Some arguments against this strategy:

  • Doing this for every migration introduced in the codebase is a lot of extra work
  • This introduces an opportunity to make mistakes by writing buggy guards; for teams with a mix of experienced and inexperienced database users, writing guards correctly represents a real challenge
  • In order to do "exactly once" checks on some migrations (e.g. the backfill one above), it may be necessary to introduce phantom columns to the database as breadcrumbs indicating the migration occurred
  latest_edition = publish_date,
  latest_edition_backfill = TRUE
  latest_edition_backfill = FALSE;
  • Application invariants may change over time and invalidate guards that were historically correct

In Practice

It's useful to have an example to understand how a migrations table is constructed and how it fits into development and deployment. I'll use the example migrations from my golembic tool as our example.

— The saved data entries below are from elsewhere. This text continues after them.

(* Fix $m\ge3$ and let $f$ be an axis rule on profiles over a candidate set $C$ with $|C|=m$ that is the scoring rule induced by $\mathrm{cost}(A,\triangleleft)=g(x_{A,\triangleleft})$ for a function $g:\{0,1\}^m\to\mathbb R_{\ge0}$ with $g(x)=0$ iff the ones of $x$ are contiguous and $g(x)=g(\overleftarrow{x})$ for all $x$. If $f$ satisfies ballot monotonicity, then there is a function $h$ such that for every ballot $A$ and axis $\triangleleft$ with $A$ not an interval of $\triangleleft$, $\mathrm{cost}(A,\triangleleft)=h(k_{\mathrm{app}},k_{\mathrm{int}})$, where $k_{\mathrm{app}}=|A|$ and $k_{\mathrm{int}}$ is the number of interfering candidates of $A$ on $\triangleleft$.
   Context: Let $C$ be a finite set of $m$ candidates. An approval ballot is a nonempty subset $A\subseteq C$; a profile is a finite sequence of ballots. An axis is a strict linear order $\triangleleft$ on $C$; $a\trianglelefteq b$ means $a\triangleleft b$ or $a=b$. A ballot $A$ is an interval of $\triangleleft$ if for all $a,b\in A$ and every $c$ with $a\triangleleft c\triangleleft b$ we have $c\in A$; a candidate $c\notin A$ with $a\triangleleft c\triangleleft b$ for some $a,b\in A$ is interfering. If $\triangleleft=c_1c_2\cdots c_m$, the approval vector $x_{A,\triangleleft}\in\{0,1\}^m$ has $i$-th entry $1$ iff $c_i\in A$; $\overleftarrow{x}$ denotes the reversed vector. The scoring rule induced by $\mathrm{cost}$ is $f(P)=\arg\min_{\triangleleft}\sum_{A\in P}\mathrm{cost}(A,\triangleleft)$. $f$ satisfies ballot monotonicity if for every profile $P$, ballot $A\in P$ and $\triangleleft\in f(P)$ such that $A$ is not an interval of $\triangleleft$, we have $\triangleleft\in f(P')$, where $P'$ replaces $A$ by $A'=\{x\in C:\exists y,z\in A,\ y\trianglelefteq x\trianglelefteq z\}$. *)

theory Defs
  imports Complex_Main
begin

text \<open>Candidates form a finite type 'c (so C = UNIV, m = CARD('c)).
An axis (strict linear order) c_1 c_2 ... c_m is represented as the list [c_1,...,c_m]
of all candidates without repetition.\<close>

definition is_axis :: "'c list \<Rightarrow> bool" where
  "is_axis ax \<longleftrightarrow> distinct ax \<and> set ax = UNIV"

definition axes :: "'c list set" where
  "axes = {ax. is_axis ax}"

definition axis_less :: "'c list \<Rightarrow> 'c \<Rightarrow> 'c \<Rightarrow> bool" where
  "axis_less ax a b \<longleftrightarrow> (\<exists>i j. i < j \<and> j < length ax \<and> ax ! i = a \<and> ax ! j = b)"

definition axis_le :: "'c list \<Rightarrow> 'c \<Rightarrow> 'c \<Rightarrow> bool" where
  "axis_le ax a b \<longleftrightarrow> axis_less ax a b \<or> a = b"

definition is_interval :: "'c set \<Rightarrow> 'c list \<Rightarrow> bool" where
  "is_interval A ax \<longleftrightarrow>
     (\<forall>a\<in>A. \<forall>b\<in>A. \<forall>c. axis_less ax a c \<and> axis_less ax c b \<longrightarrow> c \<in> A)"
(* The constantly rebalanced portfolio strategy $\mathrm{CRP}$ and the constantly rebalanced portfolio strategy with side information $\mathrm{CRP}_{\mathrm{side}}$ (for any side-information vectors $\mathbf v_t$ and any function $\mathbf f$ as below) are universalizable.
   Context: Market with $m\ge2$ assets and return vectors $\mathbf x_t\in(0,\infty)^m$, $t\ge0$. $\mathcal W_m=\{\mathbf w\in[0,1]^m:\sum_i w_i=1\}$. $\mathrm{CRP}$ has parameter space $\mathcal W_m$ and description $\mathrm{CRP}_t(\mathbf w)=\mathbf w$. $\mathrm{CRP}_{\mathrm{side}}$: given $k\ge1$, side-information vectors $\mathbf v_t\in\mathbb R^{q}$ and a function $\mathbf f=(f_1,\dots,f_k):\mathbb R^q\to[0,1]^k$ with $\sum_j f_j\equiv1$, its parameter space is $\mathcal W_m^k$ and its description is $\mathrm{CRP}_{\mathrm{side},t}(\mathbf w_1,\dots,\mathbf w_k)=\sum_{j=1}^k f_j(\mathbf v_t)\mathbf w_j$. General notions: for a strategy $S$ with parameter space $\mathbb W$ (a finite product of simplices) and descriptions $S_t(\mathbf w)\in\mathcal W_m$, $\mathcal R_n(S(\mathbf w))=\prod_{t=0}^{n-1}S_t(\mathbf w)\cdot\mathbf x_t$ ($\mathcal R_0\equiv1$), $\mathcal L_n=\frac1n\log\mathcal R_n$, similarly for parameter-free strategies. $\mu$ is the uniform probability measure on $\mathbb W$ and $\mathcal U(S)$ has $\mathcal U_t(S)=\int_{\mathbb W}S_t\mathcal R_t\,d\mu/\int_{\mathbb W}\mathcal R_t\,d\mu$. $U$ is a universalization of $S$ if there is $\eta_n\to0$, independent of market data, with $\mathcal L_n(U)\ge\sup_{\mathbf w}\mathcal L_n(S(\mathbf w))-\eta_n$ for all $n$ and all market data. The $\varepsilon$-modification is $\bar S_t(\mathbf w)=(1-\frac{\varepsilon}{2(t+1)^2})S_t(\mathbf w)+\frac{\varepsilon}{2m(t+1)^2}(1,\dots,1)$; $S$ is universalizable if for every $\varepsilon\in(0,1)$, $\mathcal U(\bar S)$ is a universalization of $S$. *)

theory Defs
  imports "HOL-Analysis.Analysis"
begin

text \<open>There are m assets, indexed by 0..m-1. A vector in R^m (portfolio or
return vector) is a function nat => real of which only the entries below m matter.
Market data is a sequence x :: nat => nat => real, x t i being the return of asset i at
time t. A parameter of a strategy with parameter space (W_m)^k is a function
w :: nat => nat => real, w j being the j-th portfolio (j < k).\<close>

type_synonym pvec = "nat \<Rightarrow> real"
type_synonym market = "nat \<Rightarrow> pvec"
type_synonym param = "nat \<Rightarrow> pvec"

type_synonym pstrategy = "market \<Rightarrow> nat \<Rightarrow> param \<Rightarrow> pvec"
type_synonym strategy = "market \<Rightarrow> nat \<Rightarrow> pvec"

definition valid_market :: "nat \<Rightarrow> market \<Rightarrow> bool" where
  "valid_market m x \<longleftrightarrow> (\<forall>t. \<forall>i<m. x t i > 0)"

definition asset_simplex :: "nat \<Rightarrow> pvec set" where
  "asset_simplex m = {w \<in> ({..<m} \<rightarrow>\<^sub>E UNIV). (\<forall>i<m. 0 \<le> w i \<and> w i \<le> 1) \<and> (\<Sum>i<m. w i) = 1}"
lemma slab_width_arith:
  fixes \<epsilon> r :: real
  assumes "0 < \<epsilon>" "0 < r" "36 \<le> r^2"
  shows "sqrt 2 * (4/3 * \<epsilon> * r) / (r^2 - 2) \<le> 2 * \<epsilon> / r"
proof -
  have "sqrt 2 \<le> 17/12"
    by (rule real_le_lsqrt) (simp_all add: power2_eq_square)
  then have "sqrt 2 * (4/3 * r^2) \<le> 17/12 * (4/3 * r^2)"
    by (rule mult_right_mono) simp
  also have "\<dots> \<le> 2 * (r^2 - 2)"
    using assms(3) by simp
  finally have "\<epsilon> * (sqrt 2 * (4/3 * r^2)) \<le> \<epsilon> * (2 * (r^2 - 2))"
    using assms(1) by (simp add: mult_left_mono)
  moreover have "0 < r^2 - 2"
    using assms(3) by simp
  ultimately show ?thesis
    using assms(2) by (simp add: field_simps power2_eq_square)
qed

theorem lemma40:
  fixes \<epsilon> :: real
  assumes "\<epsilon> > 8 / sqrt (real CARD('n))"
    and "\<epsilon> \<le> 1"
  shows "\<exists>(H :: (real ^ 'n) set) S. is_hyperplane H \<and> S \<subseteq> sign_cube \<and>
           real (card S) \<ge> \<epsilon> / 8 * 2 ^ CARD('n) \<and>
           (\<forall>x\<in>S. infdist x H \<le> 2 * \<epsilon> / sqrt (real CARD('n))) \<and>
           \<not> (\<exists>H'. is_hyperplane H' \<and> S \<subseteq> H')"
proof -
  define r where "r = sqrt (real CARD('n))"
  define m where "m = CARD('n) - 2"
  define s where "s = 4/3 * \<epsilon> * r"
  have "0 < r" "8 < \<epsilon> * r" "\<epsilon> * r \<le> r"
    using assms by (simp_all add: r_def divide_less_eq mult.commute mult_le_cancel_left1)
  then have "0 < \<epsilon>" "8 < r" "8 * r < r^2"
    using zero_less_mult_pos2[of \<epsilon> r] by (simp_all add: power2_eq_square)
  then have "CARD('n) = m + 2" "r^2 = real m + 2" "sqrt (real m) \<le> r"
    by (simp_all add: r_def m_def of_nat_diff)
  moreover have "s = 4/3 * (\<epsilon> * r)"
    by (simp add: s_def)
  ultimately have "3 \<le> s" "s \<le> real m"
    using \<open>8 < \<epsilon> * r\<close> \<open>\<epsilon> * r \<le> r\<close> \<open>8 < r\<close> \<open>8 * r < r^2\<close> by linarith+
  have "\<epsilon> / 8 * 2 ^ CARD('n) \<le> 3/2 * 2^m * ((s - 1) / (s + 2 * sqrt (real m)))"
    using slab_size_arith[OF \<open>8 < \<epsilon> * r\<close> assms(2) _ \<open>sqrt (real m) \<le> r\<close>]
    unfolding \<open>CARD('n) = m + 2\<close> s_def by simp
  moreover have "sqrt 2 * s / real m \<le> 2 * \<epsilon> / sqrt (real CARD('n))"
    using slab_width_arith[OF \<open>0 < \<epsilon>\<close> \<open>0 < r\<close>] \<open>8 * r < r^2\<close> \<open>8 < r\<close> \<open>r^2 = real m + 2\<close>
    by (simp add: s_def flip: r_def)
  ultimately show ?thesis
    using exists_slab_point_set[OF \<open>CARD('n) = m + 2\<close> \<open>3 \<le> s\<close> \<open>s \<le> real m\<close>]
    by (meson order.trans)
qed
lemma Ptag_eq_iff_brackets:
  assumes "1 \<le> \<alpha>" "1 \<le> \<beta>"
  shows "Ptag \<beta> = Ptag \<alpha> \<longleftrightarrow> (\<forall>k\<ge>1.
           \<beta> * real (Ptag \<alpha> (Ptag_index \<alpha> k - 1)) < real (Ptag \<alpha> k) \<and>
           real (Ptag \<alpha> k) \<le> \<beta> * real (Ptag \<alpha> (Ptag_index \<alpha> k)))"
    (is "_ \<longleftrightarrow> (\<forall>k\<ge>1. ?bracket k)")
proof
  assume eq: "Ptag \<beta> = Ptag \<alpha>"
  show "\<forall>k\<ge>1. ?bracket k"
    using Ptag_index(3,4)[OF assms(2)] Ptag_index_eq_if_Ptag_eq[OF assms eq] eq by simp
next
  assume brackets: "\<forall>k\<ge>1. ?bracket k"
  have "Ptag \<beta> n = Ptag \<alpha> n" for n
  proof (induction n rule: less_induct)
    case (less n)
    show ?case
    proof (cases "n \<le> 1")
      case True
      then show ?thesis by (cases n) auto
    next
      case False
      then obtain k where n: "n = Suc k" and k: "1 \<le> k"
        by (cases n) auto
      let ?j = "Ptag_index \<alpha> k"
      have "?j \<le> k" "1 \<le> ?j"
        using Ptag_index(1,2)[OF assms(1) k] by auto
      then have same: "Ptag \<beta> i = Ptag \<alpha> i" if "i \<in> {k, ?j, ?j - 1}" for i
        using that less.IH n by auto
      have "Ptag_index \<beta> k = ?j"
        using Ptag_index_unique[OF assms(2) k \<open>1 \<le> ?j\<close> \<open>?j \<le> k\<close>] brackets k same by simp
      then show ?thesis
        using Ptag_Suc[OF assms(1) k] Ptag_Suc[OF assms(2) k] same n by simp
    qed
  qed
  then show "Ptag \<beta> = Ptag \<alpha>" ..
qed

lemma Ptag_index_Suc_le:
  assumes "1 \<le> \<alpha>" "1 \<le> k"
  shows "Ptag_index \<alpha> (Suc k) \<le> Suc (Ptag_index \<alpha> k)"
proof (rule ccontr)
  let ?P = "\<lambda>i. real (Ptag \<alpha> i)" and ?J = "Ptag_index \<alpha>"
  assume "\<not> ?thesis"
  then have "?P (Suc (?J k)) \<le> ?P (?J (Suc k) - 1)"
    using monoD[OF mono_Ptag[of \<alpha>], of "Suc (?J k)" "?J (Suc k) - 1"] by simp
  have J: "1 \<le> ?J k"
    using Ptag_index(1)[OF assms] .
  have "?P (Suc k) \<le> \<alpha> * ?P (?J k) + ?P (?J k)"
    using Ptag_Suc[OF assms] Ptag_index(4)[OF assms] by simp
  also have "\<dots> \<le> \<alpha> * ?P (Suc (?J k))"
    using Ptag_Suc[OF assms(1) J] Ptag_index(4)[OF assms(1) J] by (simp add: distrib_left)
  also have "\<dots> \<le> \<alpha> * ?P (?J (Suc k) - 1)"
    using \<open>?P (Suc (?J k)) \<le> ?P (?J (Suc k) - 1)\<close> assms(1) by (simp add: mult_left_mono)
  also have "\<dots> < ?P (Suc k)"
    using Ptag_index(3)[OF assms(1), of "Suc k"] by simp
  finally show False by simp
qed

lemma incseq_Ptag_lag:
  assumes "1 \<le> \<alpha>"
  shows "incseq (\<lambda>k. k - Ptag_index \<alpha> k)"
proof (rule incseq_SucI)
  fix k
  show "k - Ptag_index \<alpha> k \<le> Suc k - Ptag_index \<alpha> (Suc k)"
  proof (cases "k = 0")
    case False
    then have k: "1 \<le> k" by simp
    show ?thesis
      using diff_le_mono2[OF Ptag_index_Suc_le[OF assms k], of "Suc k"] by simp
  qed simp
qed

lemma Ptag_Suc_ge:
  assumes "1 \<le> \<alpha>" "1 \<le> k"
  shows "(\<alpha> + 1) * real (Ptag \<alpha> k) \<le> \<alpha> * real (Ptag \<alpha> (Suc k))"
  using Ptag_Suc[OF assms] Ptag_index(4)[OF assms] by (simp add: algebra_simps)

lemma Ptag_growth:
  assumes "1 \<le> \<alpha>" "1 \<le> j"
  shows "(\<alpha> + 1) ^ n * real (Ptag \<alpha> j) \<le> \<alpha> ^ n * real (Ptag \<alpha> (j + n))"
proof (induction n)
  case (Suc n)
  have "(\<alpha> + 1) ^ Suc n * real (Ptag \<alpha> j) \<le> (\<alpha> + 1) * (\<alpha> ^ n * real (Ptag \<alpha> (j + n)))"
    using Suc.IH assms(1) by (simp add: mult_left_mono)
  also have "\<dots> \<le> \<alpha> ^ n * (\<alpha> * real (Ptag \<alpha> (Suc (j + n))))"
    using Ptag_Suc_ge[OF assms(1), of "j + n"] assms by (simp add: mult.left_commute mult_left_mono)
  finally show ?case by (simp add: mult_ac)
qed simp

lemma Ptag_lag_le:
  assumes "1 \<le> \<alpha>" "1 \<le> k"
  shows "real (k - Ptag_index \<alpha> k) \<le> \<alpha> * \<alpha>"
proof -
  let ?j = "Ptag_index \<alpha> k"
  let ?n = "k - ?j"
  have "1 \<le> ?j" "?j + ?n = k"
    using Ptag_index(1,2)[OF assms] by auto
  have "(\<alpha> + 1) ^ ?n * real (Ptag \<alpha> ?j) \<le> \<alpha> ^ ?n * real (Ptag \<alpha> k)"
    using Ptag_growth[OF assms(1) \<open>1 \<le> ?j\<close>, of ?n] \<open>?j + ?n = k\<close> by simp
  also have "\<dots> \<le> \<alpha> ^ ?n * (\<alpha> * real (Ptag \<alpha> ?j))"
    using Ptag_index(4)[OF assms] assms(1) by (simp add: mult_left_mono)
  finally have "(\<alpha> + 1) ^ ?n \<le> \<alpha> ^ ?n * \<alpha>"
    using Ptag_pos[OF \<open>1 \<le> ?j\<close>, of \<alpha>] by (simp add: mult.assoc)
  moreover have "(1 + 1 / \<alpha>) ^ ?n = (\<alpha> + 1) ^ ?n / \<alpha> ^ ?n"
    using assms(1) by (simp add: field_simps power_divide)
  ultimately have "(1 + 1 / \<alpha>) ^ ?n \<le> \<alpha>"
    using assms(1) by (simp add: divide_le_eq mult.commute)
  moreover have "1 + real ?n * (1 / \<alpha>) \<le> (1 + 1 / \<alpha>) ^ ?n"
    using assms(1) by (intro Bernoulli_inequality) (simp add: order_trans[of _ 0])
  ultimately have "real ?n / \<alpha> \<le> \<alpha>"
    by simp
  then show ?thesis
    using assms(1) by (simp add: divide_le_eq)
qed

lemma incseq_bounded_eventually_const:
  fixes d :: "nat \<Rightarrow> nat"
  assumes "incseq d" "\<And>k. d k \<le> B"
  shows "\<exists>K. \<forall>k\<ge>K. d k = d K"
proof -
  have fin: "finite (range d)"
    using assms(2) by (auto intro: finite_subset[of _ "{..B}"])
  then have "Max (range d) \<in> range d"
    by (intro Max_in) auto
  then obtain K where K: "Max (range d) = d K"
    by blast
  have "d k = d K" if "K \<le> k" for k
    using Max_ge[OF fin rangeI[of d k]] monoD[OF assms(1) that] K by linarith
  then show ?thesis by blast
qed

lemma linear_recurrence_lower_bound:
  fixes P F :: "nat \<Rightarrow> real"
  assumes "\<And>k. N \<le> k \<Longrightarrow> P (Suc k) = P k + P (k - m)"
    and "\<And>k. N \<le> k \<Longrightarrow> F (Suc k) = F k + F (k - m)"
    and "\<And>k. a \<le> k \<Longrightarrow> k \<le> N \<Longrightarrow> c * P k \<le> F k"
    and "a + m \<le> N" "a \<le> k"
  shows "c * P k \<le> F k"
  using assms(5)
proof (induction k rule: less_induct)
  case (less k)
  show ?case
  proof (cases "k \<le> N")
    case True
    then show ?thesis using assms(3) less.prems by simp
  next
    case False
    then obtain i where "k = Suc i" "N \<le> i"
      by (cases k) auto
    then have "c * P i \<le> F i" "c * P (i - m) \<le> F (i - m)"
      using less.IH assms(4) by auto
    then show ?thesis
      using assms(1,2) \<open>k = Suc i\<close> \<open>N \<le> i\<close> by (simp add: distrib_left)
  qed
qed

lemma Ptag_index_eventually_lag:
  assumes "1 \<le> \<alpha>"
  obtains K m where "1 \<le> K" "\<And>k. K \<le> k \<Longrightarrow> Ptag_index \<alpha> k = k - m"
proof -
  have "k - Ptag_index \<alpha> k \<le> nat \<lceil>\<alpha> * \<alpha>\<rceil>" for k
  proof (cases "k = 0")
    case False
    then show ?thesis
      using Ptag_lag_le[OF assms, of k] by linarith
  qed simp
  then obtain K where lag: "\<And>k. K \<le> k \<Longrightarrow> k - Ptag_index \<alpha> k = K - Ptag_index \<alpha> K"
    using incseq_bounded_eventually_const[OF incseq_Ptag_lag[OF assms]] by blast
  have "Ptag_index \<alpha> k = k - (K - Ptag_index \<alpha> K)" if "Suc K \<le> k" for k
    using lag[of k] Ptag_index(2)[OF assms, of k] that by simp
  then show ?thesis
    using that[of "Suc K"] by simp
qed

definition Ptag_slack :: "real \<Rightarrow> nat \<Rightarrow> real" where
  "Ptag_slack \<alpha> k = real (Ptag \<alpha> k) - \<alpha> * real (Ptag \<alpha> (Ptag_index \<alpha> k - 1))"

To get started, the development database needs to be running. In this stage, there should be no tables yet because no migrations have run:

$ make start-postgres
Network dev-network-golembic created.
Container dev-postgres-golembic started on port 18426.
$ docker ps
CONTAINER ID   IMAGE                  COMMAND                  CREATED          STATUS          PORTS                     NAMES
480e5fce3e10   postgres:13.1-alpine   "docker-entrypoint.s…"   54 seconds ago   Up 52 seconds>5432/tcp   dev-postgres-golembic
$ make psql
Running psql against port 18426
psql "postgres://golembic_admin:[email protected]:18426/golembic"
golembic=> \dt
Did not find any relations.
golembic=> \q

Using golembic, we can run the migrations in the development database:

$ make run-postgres-cmd
Applying c9b52448285b: Create users table
Applying f1be62155239: Seed data in users table
Applying dce8812d7b6f: Add city column to users table
Applying 0430566018cc: Rename the root user [MILESTONE]
Applying 0501ccd1d98c: Add index on user emails (concurrently)
Applying e2d4eecb1841: Create books table
Applying 432f690fcbda: Create movies table

At this point, the migrations will have created the three tables needed by the application: books, movies and users. Observe via make psql:

golembic=> \dt
                   List of relations
 Schema |        Name         | Type  |     Owner
 public | books               | table | golembic_admin
 public | golembic_migrations | table | golembic_admin
 public | movies              | table | golembic_admin
 public | users               | table | golembic_admin
(4 rows)

In addition to the application tables from the migrations, there is also a new metadata table golembic_migrations. This contains a record of the migrations that have already been run:

golembic=> SELECT * FROM golembic_migrations;
 serial_id |   revision   |   previous   |          created_at
         0 | c9b52448285b |              | 2021-10-29 03:57:57.92535+00
         1 | f1be62155239 | c9b52448285b | 2021-10-29 03:57:57.936784+00
         2 | dce8812d7b6f | f1be62155239 | 2021-10-29 03:57:57.945764+00
         3 | 0430566018cc | dce8812d7b6f | 2021-10-29 03:57:57.954536+00
         4 | 0501ccd1d98c | 0430566018cc | 2021-10-29 03:57:57.963776+00
         5 | e2d4eecb1841 | 0501ccd1d98c | 2021-10-29 03:57:57.986174+00
         6 | 432f690fcbda | e2d4eecb1841 | 2021-10-29 03:57:57.9968+00
(7 rows)

golembic=> \q

Using this record, the next time the migrations command runs, the records in golembic_migrations can be used to determine that no new migrations need to run:

$ make run-postgres-cmd
No migrations to run; latest revision: 432f690fcbda

Prior Art

Although it may seem like an advertisment for golembic, the point of this post was to make a case for a migrations table. To see golembic isn't alone, note that TypeORM takes a similar approach. For example:

dunder_mifflin=> SELECT * FROM migrations;
 id |   timestamp   |                     name
  1 | 1568674788742 | initial1568674788742
  2 | 1571783618350 | recipient1571783618350
  3 | 1572313444993 | recipientEnum1572313444993
  4 | 1572479127851 | ticket1572479127851
  5 | 1572990972108 | ticketIndex1572990972108
  6 | 1573594420208 | uniqueConstraint1573594420208
(6 rows)

dunder_mifflin=> \q

(There are lots of ORMs and migrations tools other than TypeORM that also take the same approach, I just had this example handy.)